definition wf_tm :: "tm \<Rightarrow> bool" where
  "wf_tm M \<longleftrightarrow>
     (\<forall>(q, rd, q', wr, mvs) \<in> set (rules M).
        q \<noteq> 1 \<and> q \<noteq> 2 \<and> length rd = ninp M + nwork M \<and>
        length wr = nwork M \<and> length mvs = ninp M + nwork M) \<and>
     distinct (map (\<lambda>r. (fst r, fst (snd r))) (rules M))"

record config =
  cstate :: nat
  ipos :: "int list"
  wtapes :: "(int \<Rightarrow> sym) list"
  wpos :: "int list"

definition tape_of :: "bool list \<Rightarrow> int \<Rightarrow> sym" where
  "tape_of x i = (if 0 \<le> i \<and> i < int (length x) then (if x ! nat i then S1 else S0) else Blank)"

fun mv_delta :: "mv \<Rightarrow> int" where
  "mv_delta MoveL = -1" | "mv_delta MoveN = 0" | "mv_delta MoveR = 1"

definition init_config :: "tm \<Rightarrow> config" where
  "init_config M = \<lparr>cstate = 0, ipos = replicate (ninp M) 0,
      wtapes = replicate (nwork M) (\<lambda>_. Blank), wpos = replicate (nwork M) 0\<rparr>"

text \<open>One step on inputs xs. Halted configurations (state 1 or 2) are fixed;
  a configuration with no applicable rule is stuck forever (never halts).\<close>
definition tm_step :: "tm \<Rightarrow> bool list list \<Rightarrow> config \<Rightarrow> config" where
  "tm_step M xs cf =
    (if cstate cf = 1 \<or> cstate cf = 2 then cf else
     (let reads = map2 tape_of xs (ipos cf) @ map2 (\<lambda>t p. t p) (wtapes cf) (wpos cf) in
      case find (\<lambda>r. fst r = cstate cf \<and> fst (snd r) = reads) (rules M) of
        None \<Rightarrow> cf
      | Some (q, rd, q', wr, mvs) \<Rightarrow>
          \<lparr>cstate = q',
           ipos = map2 (\<lambda>p m. p + mv_delta m) (ipos cf) (take (ninp M) mvs),
           wtapes = map2 (\<lambda>t (p, s). t(p := s)) (wtapes cf) (zip (wpos cf) wr),
           wpos = map2 (\<lambda>p m. p + mv_delta m) (wpos cf) (drop (ninp M) mvs)\<rparr>))"

definition tm_run :: "tm \<Rightarrow> bool list list \<Rightarrow> nat \<Rightarrow> config" where
  "tm_run M xs t = (tm_step M xs ^^ t) (init_config M)"

definition tm_computes_in_time :: "tm \<Rightarrow> (bool list \<Rightarrow> bool) \<Rightarrow> (nat \<Rightarrow> real) \<Rightarrow> bool" where
  "tm_computes_in_time M g T \<longleftrightarrow> wf_tm M \<and> ninp M = 1 \<and>
     (\<forall>x. \<exists>t. real t \<le> T (length x) \<and>
            cstate (tm_run M [x] t) = (if g x then 1 else 2))"

text \<open>The properties of U^c used: (i) every g computable by a Turing machine
  in time O(n^c') with c' < c has a program h with U(h,x) = g(x) for all x of
  sufficiently large length; (ii) every program on which U is defined has
  the form E(T)u, hence length at least 2.
  Time O(n^c') for a total machine is rendered as a bound K*n^c' + K.\<close>
definition univ_interp_props :: "nat \<Rightarrow> interp \<Rightarrow> bool" where
  "univ_interp_props c U \<longleftrightarrow>
     (\<forall>M g (c'::real) (K::real). c' < real c \<and>
        tm_computes_in_time M g (\<lambda>n. K * real n powr c' + K) \<longrightarrow>
        (\<exists>h N. \<forall>x. N \<le> length x \<longrightarrow> U h x = Some (g x))) \<and>
     (\<forall>h x. U h x \<noteq> None \<longrightarrow> 2 \<le> length h)"

text \<open>A circuit is a list of vertices in topological order (every DAG admits
  one); parents are referenced by earlier indices; input indices are 0-based
  (0..n-1, corresponding to 1..n in the paper). The sink is the last vertex.\<close>
datatype gate = Inp nat | GAnd nat nat | GOr nat nat | GNot nat

fun gate_uses :: "gate \<Rightarrow> nat \<Rightarrow> bool" where
  "gate_uses (Inp j) i = False"
| "gate_uses (GAnd a b) i = (i = a \<or> i = b)"
| "gate_uses (GOr a b) i = (i = a \<or> i = b)"
| "gate_uses (GNot a) i = (i = a)"

fun gate_ok :: "nat \<Rightarrow> nat \<Rightarrow> gate \<Rightarrow> bool" where
  "gate_ok n i (Inp j) = (j < n)"
| "gate_ok n i (GAnd a b) = (a < i \<and> b < i)"
| "gate_ok n i (GOr a b) = (a < i \<and> b < i)"
| "gate_ok n i (GNot a) = (a < i)"

definition wf_circuit :: "nat \<Rightarrow> gate list \<Rightarrow> bool" where
  "wf_circuit n C \<longleftrightarrow> C \<noteq> [] \<and>
     (\<forall>i < length C. gate_ok n i (C ! i)) \<and>
     (\<forall>i. i + 1 < length C \<longrightarrow> (\<exists>k < length C. gate_uses (C ! k) i))"

fun gate_val :: "bool list \<Rightarrow> bool list \<Rightarrow> gate \<Rightarrow> bool" where
  "gate_val x vs (Inp j) = x ! j"
| "gate_val x vs (GAnd a b) = (vs ! a \<and> vs ! b)"
| "gate_val x vs (GOr a b) = (vs ! a \<or> vs ! b)"
| "gate_val x vs (GNot a) = (\<not> vs ! a)"

definition circ_vals :: "gate list \<Rightarrow> bool list \<Rightarrow> bool list" where
  "circ_vals C x = foldl (\<lambda>vs g. vs @ [gate_val x vs g]) [] C"

definition circuit_computes :: "nat \<Rightarrow> gate list \<Rightarrow> (bool list \<Rightarrow> bool) \<Rightarrow> bool" where
  "circuit_computes n C f \<longleftrightarrow> wf_circuit n C \<and>
     (\<forall>x. length x = n \<longrightarrow> last (circ_vals C x) = f x)"

definition clog2 :: "nat \<Rightarrow> nat" where
  "clog2 m = nat \<lceil>log 2 (real m)\<rceil>"

definition enc_len :: "nat \<Rightarrow> nat \<Rightarrow> nat" where
  "enc_len s n = 2 * clog2 n + 2 + s * (3 + max (2 * clog2 s) (clog2 n))"

definition circ_size :: "nat \<Rightarrow> (bool list \<Rightarrow> bool) \<Rightarrow> nat" where
  "circ_size n f = (LEAST m. \<exists>C. circuit_computes n C f \<and> m = enc_len (length C) n)"

end

theory Submission
  imports Defs
begin

text \<open>The conjunction of all input bits is decided by a single left-to-right scan, in linear time.
  Hence, for all large n, the universal interpreter computes it with one fixed program h, so its
  description size is at most |h|. A circuit computing the conjunction has to read every input
  bit, so it has at least n vertices, and each vertex costs at least log n bits in the encoding.
  The ratio for this single function therefore grows like n log n / |h|.\<close>

definition all_ones :: "bool list \<Rightarrow> bool" where
  "all_ones x \<longleftrightarrow> (\<forall>i<length x. x ! i)"

definition scan_tm :: tm where
  "scan_tm = \<lparr>ninp = 1, nwork = 0,
     rules = [(0, [S1], 0, [], [MoveR]), (0, [S0], 2, [], [MoveN]), (0, [Blank], 1, [], [MoveN])]\<rparr>"

definition scanning :: "nat \<Rightarrow> config" where
  "scanning t = \<lparr>cstate = 0, ipos = [int t], wtapes = [], wpos = []\<rparr>"

lemma tm_run_Suc: "tm_run M xs (Suc t) = tm_step M xs (tm_run M xs t)"
  by (simp add: tm_run_def)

> Aim of the exercise
Repeat, character for character, the lines of the material above from the line with "wtapes = replicate" through the line with "wpos = map2".

> Response to the exercise
      wtapes = replicate (nwork M) (\<lambda>_. Blank), wpos = replicate (nwork M) 0\<rparr>"

text \<open>One step on inputs xs. Halted configurations (state 1 or 2) are fixed;
  a configuration with no applicable rule is stuck forever (never halts).\<close>
definition tm_step :: "tm \<Rightarrow> bool list list \<Rightarrow> config \<Rightarrow> config" where
  "tm_step M xs cf =
    (if cstate cf = 1 \<or> cstate cf = 2 then cf else
     (let reads = map2 tape_of xs (ipos cf) @ map2 (\<lambda>t p. t p) (wtapes cf) (wpos cf) in
      case find (\<lambda>r. fst r = cstate cf \<and> fst (snd r) = reads) (rules M) of
        None \<Rightarrow> cf
      | Some (q, rd, q', wr, mvs) \<Rightarrow>
          \<lparr>cstate = q',
           ipos = map2 (\<lambda>p m. p + mv_delta m) (ipos cf) (take (ninp M) mvs),
           wtapes = map2 (\<lambda>t (p, s). t(p := s)) (wtapes cf) (zip (wpos cf) wr),
           wpos = map2 (\<lambda>p m. p + mv_delta m) (wpos cf) (drop (ninp M) mvs)\<rparr>))"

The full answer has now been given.